Charging
Part 1

Click back and forth between buttons 1 and 2 and see how many differences in operation you can find between the two systems. Can you come to a conclusion about the operation of these two systems? When you are done click the Answers button to find out if you came to the correct conclusions.

 
 

There are some points that should be made about the preceding example. A sight glass that is not full (while the system is operating) may indicate an undercharged system. However there are other things that can cause that symptom as well. For example, if the LL Filter (Liquid Line Filter) was partially clogged but still allowing some flow, the sight glass wouldn't be full yet the system could be fully charged. That condition is called a High Side Restriction. Fortunately there is a simple way to identify this situation. A partially clogged filter/drier can cause enough pressure drop to lower the temperature of the liquid passing through it making the drier and downstream liquid line cold. This is the refrigeration effect taking place and the drier and liquid line can even get cold enough to allow frost to form. If the liquid line feeding the filter/drier is 105 °F and the shell of the filter/drier cold to the touch, the high side restriction will be obvious.

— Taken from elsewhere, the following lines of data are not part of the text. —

abbreviation children :: "('a \<Rightarrow> 'a \<Rightarrow> bool) \<Rightarrow> 'a option \<Rightarrow> 'a \<Rightarrow> 'a set" where
  "children E p w \<equiv> {u. E w u \<and> Some u \<noteq> p}"

lemma mset_set_subseteq_add_mset:
  assumes "finite B" and "A \<subseteq> insert a B"
  shows "mset_set A \<subseteq># add_mset a (mset_set B)"
proof -
  have "mset_set A \<subseteq># mset_set (insert a B)"
    using assms by (simp add: subset_imp_msubset_mset_set)
  also have "\<dots> = add_mset a (mset_set (B - {a}))"
    using assms(1) by (simp add: mset_set.insert_remove)
  also have "\<dots> \<subseteq># add_mset a (mset_set B)"
    using assms(1) by (simp add: subset_imp_msubset_mset_set)
  finally show ?thesis .
qed

lemma fval_unique: "fval E p w c \<Longrightarrow> fval E p w c' \<Longrightarrow> c = c'"
proof (induction arbitrary: c' rule: fval.induct)
  case (1 w p g)
  from 1(3) show ?case
  proof (cases rule: fval.cases)
    case (1 g')
    have "image_mset g (mset_set (children E p w)) = image_mset g' (mset_set (children E p w))"
    proof (rule image_mset_cong)
      fix u assume "u \<in># mset_set (children E p w)"
      then have "u \<in> children E p w" using \<open>finite (children E p w)\<close> by simp
      then show "g u = g' u" using "1.IH" 1(3) by auto
    qed
    then show ?thesis using 1 by simp
  qed
qed

lemma is_cycle_closed_walk:
  assumes walk: "\<And>j. E (x j) (x (Suc j))"
    and nonbacktracking: "\<And>j. x (Suc (Suc j)) \<noteq> x j"
    and irrefl: "\<And>u. \<not> E u u"
    and closed: "x (i + d) = x i" and "0 < d"
    and distinct: "distinct (map (\<lambda>k. x (i + k)) [0..<d])"
  shows "is_cycle E (map (\<lambda>k. x (i + k)) [0..<d])"
  unfolding is_cycle_def
proof (intro conjI allI impI)
  have "d \<noteq> 1" using closed walk[of i] irrefl by auto
  moreover have "d \<noteq> 2" using closed nonbacktracking[of i] by auto
  ultimately show "3 \<le> length (map (\<lambda>k. x (i + k)) [0..<d])" using \<open>0 < d\<close> by simp
  show "distinct (map (\<lambda>k. x (i + k)) [0..<d])" by (rule distinct)
next
  fix j assume "Suc j < length (map (\<lambda>k. x (i + k)) [0..<d])"
  then show "E (map (\<lambda>k. x (i + k)) [0..<d] ! j) (map (\<lambda>k. x (i + k)) [0..<d] ! Suc j)"
    using walk[of "i + j"] by simp
next
  have "last (map (\<lambda>k. x (i + k)) [0..<d]) = x (i + (d - 1))"
    and "hd (map (\<lambda>k. x (i + k)) [0..<d]) = x (Suc (i + (d - 1)))"
    using \<open>0 < d\<close> closed by (simp_all add: last_map hd_map)
  then show "E (last (map (\<lambda>k. x (i + k)) [0..<d])) (hd (map (\<lambda>k. x (i + k)) [0..<d]))"
    using walk by simp
qed
lemma F_pq_mixing:
  assumes "U \<in> sets mu" "V \<in> sets mu"
  shows "(\<lambda>t. measure mu ((F_pq p q ^^ t) -` U \<inter> space mu \<inter> V)) \<longlonglongrightarrow> measure mu U * measure mu V"
proof -
  interpret prob_space mu
    by (rule prob_space_mu)
  show ?thesis
  proof (rule mixing_from_approximating_class[OF measurable_F_pq_pow _ centered_cylinders_subset_sets])
    show "measure mu ((F_pq p q ^^ t) -` S \<inter> space mu) = measure mu S" if "S \<in> sets mu" for t S
      using emeasure_vimage_F_pq_pow[OF that] by (simp add: measure_def)
    show "\<exists>C\<in>centered_cylinders. measure mu (sym_diff X C) < e" if "X \<in> sets mu" "0 < e" for X e
      using sets_mu_eq prod_algebra_subset_centered_cylinders centered_cylinders_subset_sets
        centered_cylinders_empty centered_cylinders_compl centered_cylinders_Un that
      by (rule sigma_sets_approx)
  qed (use assms centered_cylinders_mixing in auto)
qed

end

theorem theorem3:
  fixes p q :: nat
  assumes "q > 1" and "p > q" and "coprime p q"
  shows "F_pq p q \<in> measurable (bernoulli_mu p q) (bernoulli_mu p q)
    \<and> (\<forall>S \<in> sets (bernoulli_mu p q).
         emeasure (bernoulli_mu p q) (F_pq p q -` S \<inter> space (bernoulli_mu p q))
           = emeasure (bernoulli_mu p q) S)
    \<and> (\<forall>U \<in> sets (bernoulli_mu p q). \<forall>V \<in> sets (bernoulli_mu p q).
         (\<lambda>t::nat. measure (bernoulli_mu p q)
             (((F_pq p q) ^^ t) -` U \<inter> space (bernoulli_mu p q) \<inter> V))
         \<longlonglongrightarrow> measure (bernoulli_mu p q) U * measure (bernoulli_mu p q) V)"
proof -
  interpret pq_automaton p q
    using assms(1,2) by unfold_locales auto
  have "F_pq p q \<in> measurable mu mu"
    using measurable_F_pq_pow[of 1] by simp
  moreover have "emeasure mu (F_pq p q -` S \<inter> space mu) = emeasure mu S" if "S \<in> sets mu" for S
    using emeasure_vimage_F_pq_pow[OF that, of 1] by simp
  ultimately show ?thesis
    using F_pq_mixing by blast
qed

end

The key to diagnosing a malfunctioning system is to gather as many symptoms as you can. Several symptoms consistent with a potential cause are more likely to lead you in the right direction than a single indicator. You must also eliminate other possible causes as with the high side restriction example.

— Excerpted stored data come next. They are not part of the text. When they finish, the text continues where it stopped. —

(* Let $r\ge 2$ and let $H$ be an $r$-graph with at least $g(r,4)$ edges. Then there is a constant $b=b(H)>0$ such that $C_r(n,H)=\Omega(n^b)$ as $n\to\infty$.
   Context: An $r$-graph is an $r$-uniform hypergraph; $K_n^{(r)}$ is the complete $r$-graph on $n$ vertices. A copy of an $r$-graph $H$ in $K_n^{(r)}$ is a subhypergraph isomorphic to $H$. An $(n,r,H)$-local coloring with $k$ colors is a family of edge-colorings $f_v:E(K_n^{(r)})\to[k]$, one per vertex $v$, such that for every copy $T$ of $H$ there is $u\in V(T)$ with $f_u$ injective on $E(T)$. $C_r(n,H)$ is the minimum such $k$. A sunflower $S_r(d,m)$ is an $r$-graph with $m$ edges that pairwise intersect in the same $d$-vertex set. $g(r,m)$ denotes the minimum integer $N$ such that every $r$-graph with at least $N$ edges contains a sunflower $S_r(d,m)$ for some $0\le d\le r-1$ (by Erdős–Rado, $(m-1)^r\le g(r,m)\le (m-1)^r r!+1$). *)

theory Defs
  imports Main "HOL-Library.Landau_Symbols"
begin

definition is_rgraph :: "nat \<Rightarrow> 'a set \<Rightarrow> 'a set set \<Rightarrow> bool" where
  "is_rgraph r V E \<longleftrightarrow> finite V \<and> (\<forall>e\<in>E. e \<subseteq> V \<and> card e = r)"

definition Kedges :: "nat \<Rightarrow> nat \<Rightarrow> nat set set" where
  "Kedges n r = {e. e \<subseteq> {..<n} \<and> card e = r}"

text \<open>Copies of H in the complete r-graph on {0..<n} are the images of injections
  phi : V -> {0..<n}; its vertex set is phi ` V and its edge set is the image of E.\<close>
definition local_coloring ::
  "nat \<Rightarrow> nat \<Rightarrow> 'a set \<Rightarrow> 'a set set \<Rightarrow> nat \<Rightarrow> (nat \<Rightarrow> nat set \<Rightarrow> nat) \<Rightarrow> bool" where
  "local_coloring n r V E k f \<longleftrightarrow>
     (\<forall>v<n. \<forall>e\<in>Kedges n r. f v e \<in> {1..k}) \<and>
     (\<forall>\<phi>. inj_on \<phi> V \<and> \<phi> ` V \<subseteq> {..<n} \<longrightarrow>
        (\<exists>u\<in>\<phi> ` V. inj_on (f u) ((\<lambda>e. \<phi> ` e) ` E)))"

definition C_loc :: "nat \<Rightarrow> nat \<Rightarrow> 'a set \<Rightarrow> 'a set set \<Rightarrow> nat" where
  "C_loc r n V E = (LEAST k. \<exists>f. local_coloring n r V E k f)"

definition has_sunflower :: "'a set set \<Rightarrow> nat \<Rightarrow> nat \<Rightarrow> bool" where
  "has_sunflower E d m \<longleftrightarrow>
     (\<exists>S K. S \<subseteq> E \<and> card S = m \<and> card K = d \<and>
        (\<forall>e\<in>S. \<forall>e'\<in>S. e \<noteq> e' \<longrightarrow> e \<inter> e' = K))"

text \<open>g(r,m): least N such that every (finite) r-graph with at least N edges contains
  a sunflower S_r(d,m) for some 0 <= d <= r-1.  Vertices taken from nat (w.l.o.g.).\<close>
definition g_sun :: "nat \<Rightarrow> nat \<Rightarrow> nat" where
  "g_sun r m = (LEAST N. \<forall>(V::nat set) E. is_rgraph r V E \<and> card E \<ge> N \<longrightarrow>
                    (\<exists>d\<le>r-1. has_sunflower E d m))"

end

theory Submission
  imports Defs "HOL-Library.FuncSet" "HOL-Library.Disjoint_Sets"
begin

(*
  By the Erdos-Rado argument, H contains a sunflower of four edges with kernel K and
  petals of size p = r - |K| >= 1; let R be the n0 vertices of H outside the petals.
  Place R on {0..<n0} and cut the remaining vertices of K_n into M = (n - n0) div p blocks
  of p consecutive vertices; B_j is the edge formed by the image of K and the j-th block.
  Any four distinct blocks a, b, c, d carry a copy of H whose sunflower edges are
  B_a, ..., B_d.  Given a local colouring with k colours, iterated pigeonholing finds such
  a, b, c, d for which every vertex of R and of the blocks a, b gives B_c and B_d the same
  colour and every vertex of the blocks c, d gives B_a and B_b the same colour, as soon as
  M > k^n0 (L^2 (L+1)^2 + L + 1) with L = k^p.  No vertex of that copy sees it rainbow,
  so M = O(k^(n0 + 4p)), i.e. C_r(n,H) = Omega(n^(1/(n0 + 4p))).
*)

section \<open>Pigeonhole\<close>

lemma pigeonhole_large_fibre:
  assumes "finite A" "finite B" "g ` A \<subseteq> B" "card B * t < card A"
  shows "\<exists>y\<in>B. t < card {x\<in>A. g x = y}"
proof -
  have "B \<noteq> {}"
    using assms(3,4) by auto
  then obtain y where "y \<in> B" and y: "card A \<le> card (g -` {y} \<inter> A) * card B"
    using pigeonhole_card[of g A B] assms(1-3) by blast
  moreover have "g -` {y} \<inter> A = {x\<in>A. g x = y}"
    by blast
  ultimately have "t * card B < card {x\<in>A. g x = y} * card B"
    using assms(4) by (metis mult.commute order_less_le_trans)
  with \<open>y \<in> B\<close> show ?thesis
    by (meson mult_less_cancel2)
qed

lemma pigeonhole_collision:
  assumes "finite B" "g ` A \<subseteq> B" "card B < card A"
  shows "\<exists>x\<in>A. \<exists>y\<in>A. x \<noteq> y \<and> g x = g y"
proof -
  have "card (g ` A) < card A"
    using assms card_mono le_less_trans by blast
  then show ?thesis
    using pigeonhole unfolding inj_on_def by blast
qed

lemma pair_agreeing_on_large_set:
  fixes \<chi> :: "'i \<Rightarrow> 'j \<Rightarrow> 'c"
  assumes "finite T" "finite A" "finite C" "\<forall>x\<in>T. \<forall>y\<in>A. \<chi> x y \<in> C"
    and "card C < card A" "card A ^ 2 * t < card T"
  shows "\<exists>a\<in>A. \<exists>b\<in>A. a \<noteq> b \<and> t < card {x\<in>T. \<chi> x a = \<chi> x b}"
proof -
  define good where "good x q \<longleftrightarrow> q \<in> A \<times> A \<and> fst q \<noteq> snd q \<and> \<chi> x (fst q) = \<chi> x (snd q)"
    for x q
  have "\<forall>x\<in>T. \<exists>q. good x q"
  proof
    fix x
    assume "x \<in> T"
    then obtain a b where "a \<in> A" "b \<in> A" "a \<noteq> b" "\<chi> x a = \<chi> x b"
      using pigeonhole_collision[of C "\<chi> x" A] assms(3-5) by blast
    then show "\<exists>q. good x q"
      unfolding good_def by (intro exI[of _ "(a, b)"]) simp
  qed
  from bchoice[OF this] obtain pr where pr: "\<forall>x\<in>T. good x (pr x)"
    by blast
  have "card (A \<times> A) * t < card T"
    using assms(6) by (simp add: card_cartesian_product power2_eq_square)
  moreover have "pr ` T \<subseteq> A \<times> A"
    using pr by (auto simp: good_def)
  ultimately obtain q where q: "t < card {x\<in>T. pr x = q}"
    using pigeonhole_large_fibre[of T "A \<times> A" pr t] assms(1,2) by blast
  then have "{x\<in>T. pr x = q} \<noteq> {}"
    by (intro notI) simp
  then obtain x0 where "x0 \<in> T" "pr x0 = q"
    by blast
  obtain a b where ab: "q = (a, b)"
    by fastforce
  have "{x\<in>T. pr x = q} \<subseteq> {x\<in>T. \<chi> x a = \<chi> x b}"
    using pr ab by (auto simp: good_def)
  then have "card {x\<in>T. pr x = q} \<le> card {x\<in>T. \<chi> x a = \<chi> x b}"
    using assms(1) by (intro card_mono) simp_all
  then have "t < card {x\<in>T. \<chi> x a = \<chi> x b}"
    using q by linarith
  moreover have "a \<in> A" "b \<in> A" "a \<noteq> b"
    using pr \<open>x0 \<in> T\<close> \<open>pr x0 = q\<close> ab by (auto simp: good_def)
  ultimately show ?thesis
    by blast
qed

lemma four_indices_with_equal_patterns:
  fixes F :: "'i \<Rightarrow> 'b" and \<chi> :: "'i \<Rightarrow> 'i \<Rightarrow> 'c"
  assumes "finite I" "finite B" "F ` I \<subseteq> B" "finite C" "\<forall>x\<in>I. \<forall>y\<in>I. \<chi> x y \<in> C"
    and "card B * (card C ^ 2 * (card C + 1) ^ 2 + card C + 1) < card I"
  shows "\<exists>a\<in>I. \<exists>b\<in>I. \<exists>c\<in>I. \<exists>d\<in>I. distinct [a, b, c, d] \<and> F c = F d \<and>
    \<chi> a c = \<chi> a d \<and> \<chi> b c = \<chi> b d \<and> \<chi> c a = \<chi> c b \<and> \<chi> d a = \<chi> d b"
proof -
  define L where "L = card C"
  obtain z where z: "L ^ 2 * (L + 1) ^ 2 + L + 1 < card {x\<in>I. F x = z}"
    using pigeonhole_large_fibre[OF assms(1-3,6)] unfolding L_def by blast
  define J where "J = {x\<in>I. F x = z}"
  have "finite J"
    using assms(1) by (simp add: J_def)
  moreover have "L + 1 \<le> card J"
    using z by (simp add: J_def)
  ultimately obtain A where A: "A \<subseteq> J" "card A = L + 1" "finite A"
    by (meson obtain_subset_with_card_n rev_finite_subset)
  define T where "T = J - A"
  have "card A ^ 2 * L ^ 2 < card T"
    using z A \<open>finite J\<close> by (simp add: T_def J_def card_Diff_subset mult.commute)
  moreover have "\<forall>x\<in>T. \<forall>y\<in>A. \<chi> x y \<in> C"
    using assms(5) A by (auto simp: T_def J_def)
  ultimately obtain a b where ab: "a \<in> A" "b \<in> A" "a \<noteq> b"
      and large: "L ^ 2 < card {x\<in>T. \<chi> x a = \<chi> x b}"
    using pair_agreeing_on_large_set[of T A C \<chi> "L ^ 2"] \<open>finite J\<close> A assms(4)
    unfolding L_def T_def by auto
  define T' where "T' = {x\<in>T. \<chi> x a = \<chi> x b}"
  have "(\<lambda>x. (\<chi> a x, \<chi> b x)) ` T' \<subseteq> C \<times> C"
    using assms(5) ab A by (auto simp: T'_def T_def J_def)
  moreover have "card (C \<times> C) < card T'"
    using large by (simp add: T'_def L_def card_cartesian_product power2_eq_square)
  ultimately obtain c d where "c \<in> T'" "d \<in> T'" "c \<noteq> d" "(\<chi> a c, \<chi> b c) = (\<chi> a d, \<chi> b d)"
    using pigeonhole_collision[of "C \<times> C" "\<lambda>x. (\<chi> a x, \<chi> b x)" T'] assms(4) by blast
  then have "c \<in> T" "d \<in> T" "c \<noteq> d" "\<chi> c a = \<chi> c b" "\<chi> d a = \<chi> d b"
      "\<chi> a c = \<chi> a d" "\<chi> b c = \<chi> b d"
    by (auto simp: T'_def)
  moreover have "a \<in> J" "b \<in> J" "c \<in> J" "d \<in> J" "c \<notin> A" "d \<notin> A"
    using ab A \<open>c \<in> T\<close> \<open>d \<in> T\<close> by (auto simp: T_def)
  ultimately show ?thesis
    using ab by (intro bexI[of _ a] bexI[of _ b] bexI[of _ c] bexI[of _ d]) (auto simp: J_def)
qed

section \<open>Sunflowers and the Erdos-Rado bound\<close>

definition sunflower :: "'a set set \<Rightarrow> 'a set \<Rightarrow> bool" where
  "sunflower S K \<longleftrightarrow> (\<forall>e\<in>S. \<forall>e'\<in>S. e \<noteq> e' \<longrightarrow> e \<inter> e' = K)"

lemma sunflower_kernel_subset:
  assumes "sunflower S K" "e \<in> S" "2 \<le> card S"
  shows "K \<subseteq> e"
proof -
  have "1 \<le> card (S - {e})"
    using assms(2,3) by (simp add: card_Diff_singleton_if)
  then obtain e' where "e' \<in> S" "e' \<noteq> e"
    by (metis Diff_iff card.empty ex_in_conv insertI1 not_one_le_zero)
  then show ?thesis
    using assms(1,2) unfolding sunflower_def by blast
qed

lemma sunflower_kernel_subset_rest:
  assumes "sunflower S K" "2 \<le> card S" "\<Union>S \<subseteq> V"
  shows "K \<subseteq> V - (\<Union>e\<in>S. e - K)"
proof -
  obtain e where "e \<in> S"
    using assms(2) by fastforce
  then show ?thesis
    using sunflower_kernel_subset[OF assms(1) _ assms(2)] assms(3) by blast
qed

lemma sunflower_kernel_card_less:
  assumes "sunflower S K" "e \<in> S" "e' \<in> S" "e \<noteq> e'"
    and "finite e" "finite e'" "card e = card e'"
  shows "card K < card e"
proof -
  have K: "K = e \<inter> e'"
    using assms(1-4) unfolding sunflower_def by blast
  have "K \<noteq> e"
  proof
    assume "K = e"
    then have "e \<subseteq> e'"
      using K by blast
    then show False
      using assms(4,6,7) card_subset_eq by blast
  qed
  then have "K \<subset> e"
    using K by blast
  then show ?thesis
    by (rule psubset_card_mono[OF assms(5)])
qed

It is logical that an undercharge will cause higher than normal superheat. Normal operation is to have as much of the evaporator as possible filled with liquid in order to pick up heat when it changes state. At the same time it must not be so full that there is no room left over for superheating the vapour. With undercharged conditions there is a lack of liquid and a surplus of vapour in the evaporator. That translates to a great deal of evaporator area that is available for superheating. Hence undercharge and high superheat go hand in hand.

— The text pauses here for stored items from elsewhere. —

lemma signed_block_mat_imp_fixed_point:
  assumes "signed_block_mat n X"
  shows "f_IbM n X = X"
proof -
  obtain b :: "nat \<Rightarrow> nat" and W where X: "X \<in> carrier_mat n n" and W: "\<forall>i<n. W i \<noteq> 0"
    and entries: "\<forall>i<n. \<forall>j<n. X $$ (i,j) = (if b i = b j then sgn (W i) * W j else 0)"
    using assms unfolding signed_block_mat_def by auto
  show ?thesis
  proof (rule eq_matI)
    fix i j assume "i < dim_row X" "j < dim_col X"
    then have ij: "i < n" "j < n" using X by auto
    have "X $$ (i,k) * X $$ (k,j) = X $$ (i,j) * \<bar>X $$ (i,k)\<bar>" if "k < n" for k
      using entries ij that by (auto simp: abs_mult sgn_mult algebra_simps abs_sgn)
    then have row: "(\<Sum>k<n. X $$ (i,k) * X $$ (k,j)) = X $$ (i,j) * (\<Sum>k<n. \<bar>X $$ (i,k)\<bar>)"
      by (simp add: sum_distrib_left)
    have "\<bar>X $$ (i,i)\<bar> > 0" using entries W ij by (simp add: abs_mult)
    then have "(\<Sum>k<n. \<bar>X $$ (i,k)\<bar>) > 0"
      using member_le_sum[of i "{..<n}" "\<lambda>k. \<bar>X $$ (i,k)\<bar>"] ij by auto
    then show "f_IbM n X $$ (i,j) = X $$ (i,j)" using f_IbM_index[OF X ij] row by simp
  qed (use X in \<open>auto simp: f_IbM_def diag_of_vec_def abs_mat_def mat_diag_def\<close>)
qed

lemma social_balance_submatrix_sgn_outer:
  assumes V: "V \<subseteq> {..<dim_row X}" "V \<subseteq> {..<dim_col X}"
    and W: "\<And>i. i \<in> V \<Longrightarrow> W i \<noteq> 0"
    and entries: "\<And>i j. i \<in> V \<Longrightarrow> j \<in> V \<Longrightarrow> X $$ (i,j) = sgn (W i) * W j"
  shows "social_balance (submatrix X V V)"
proof -
  have rows: "{i. i < dim_row X \<and> i \<in> V} = V" and cols: "{j. j < dim_col X \<and> j \<in> V} = V"
    using V by auto
  have pick: "pick V a \<in> V" if "a < card V" for a
    using that by (intro pick_in_set) auto
  have index: "submatrix X V V $$ (a,c) = sgn (W (pick V a)) * W (pick V c)"
    if "a < card V" "c < card V" for a c
    using submatrix_index[of a X V c V] rows cols that entries pick by simp
  have sgn_sq: "sgn (W i) * sgn (W i) = 1" if "i \<in> V" for i
    using W[OF that] by (auto simp: sgn_real_def)
  show ?thesis
    unfolding social_balance_def Let_def dim_submatrix rows
  proof (intro conjI allI impI)
    fix a assume "a < card V"
    then have "W (pick V a) \<noteq> 0" using pick W by blast
    then show "submatrix X V V $$ (a,a) > 0"
      using index \<open>a < card V\<close> by (simp add: sgn_real_def)
  next
    fix a c e assume ace: "a < card V" "c < card V" "e < card V"
    let ?s = "\<lambda>a. sgn (W (pick V a))"
    have "sgn (submatrix X V V $$ (a,c)) * sgn (submatrix X V V $$ (c,e)) * sgn (submatrix X V V $$ (e,a))
        = (?s a * ?s a) * (?s c * ?s c) * (?s e * ?s e)"
      using ace index by (simp add: sgn_mult algebra_simps)
    also have "\<dots> = 1" using sgn_sq pick ace by simp
    finally show "sgn (submatrix X V V $$ (a,c)) * sgn (submatrix X V V $$ (c,e)) *
        sgn (submatrix X V V $$ (e,a)) = 1" .
  qed
qed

The refrigerant pressure in the evaporator is affected by the thermal loads imposed on the evaporator, the removal of vapour from the continual suction of the compressor as well as the continual addition of refrigerant from the metering device. With an undercharged system the metering device can not feed the evaporator at the rate it is supposed to because there is not a full column of liquid in the liquid line. There also may be lower than normal high side pressure pushing liquid through the TXV. Without the required feed rate to the evaporator, the compressor tends to empty out the low side. That's why the suction pressure becomes lower than normal. This also explains why an over sized compressor will also cause lower than normal suction pressure. (The greater suction capacity removes vapours at a faster rate than the rest of the system was designed to keep up with.)

The Discharge Pressure is the result of compressing the low side vapours. So lower suction pressure tends to lower the high side pressure. However there are other forces also affecting the high side pressure. This is especially true if the system has some type of head pressure control. For example, a water cooled system has a water regulator valve that may totally mask the high side pressure from the symptoms you would expect with an undercharge. It will reduce the water flow trying to maintain it's head pressure setting and can possibly maintain normal high side pressure with undercharged conditions. Air cooled systems that have some form of head pressure control will also mask the expected symptoms. Measuring several parameters will reduce the number of possibilities and narrow the number of possible causes of a problem.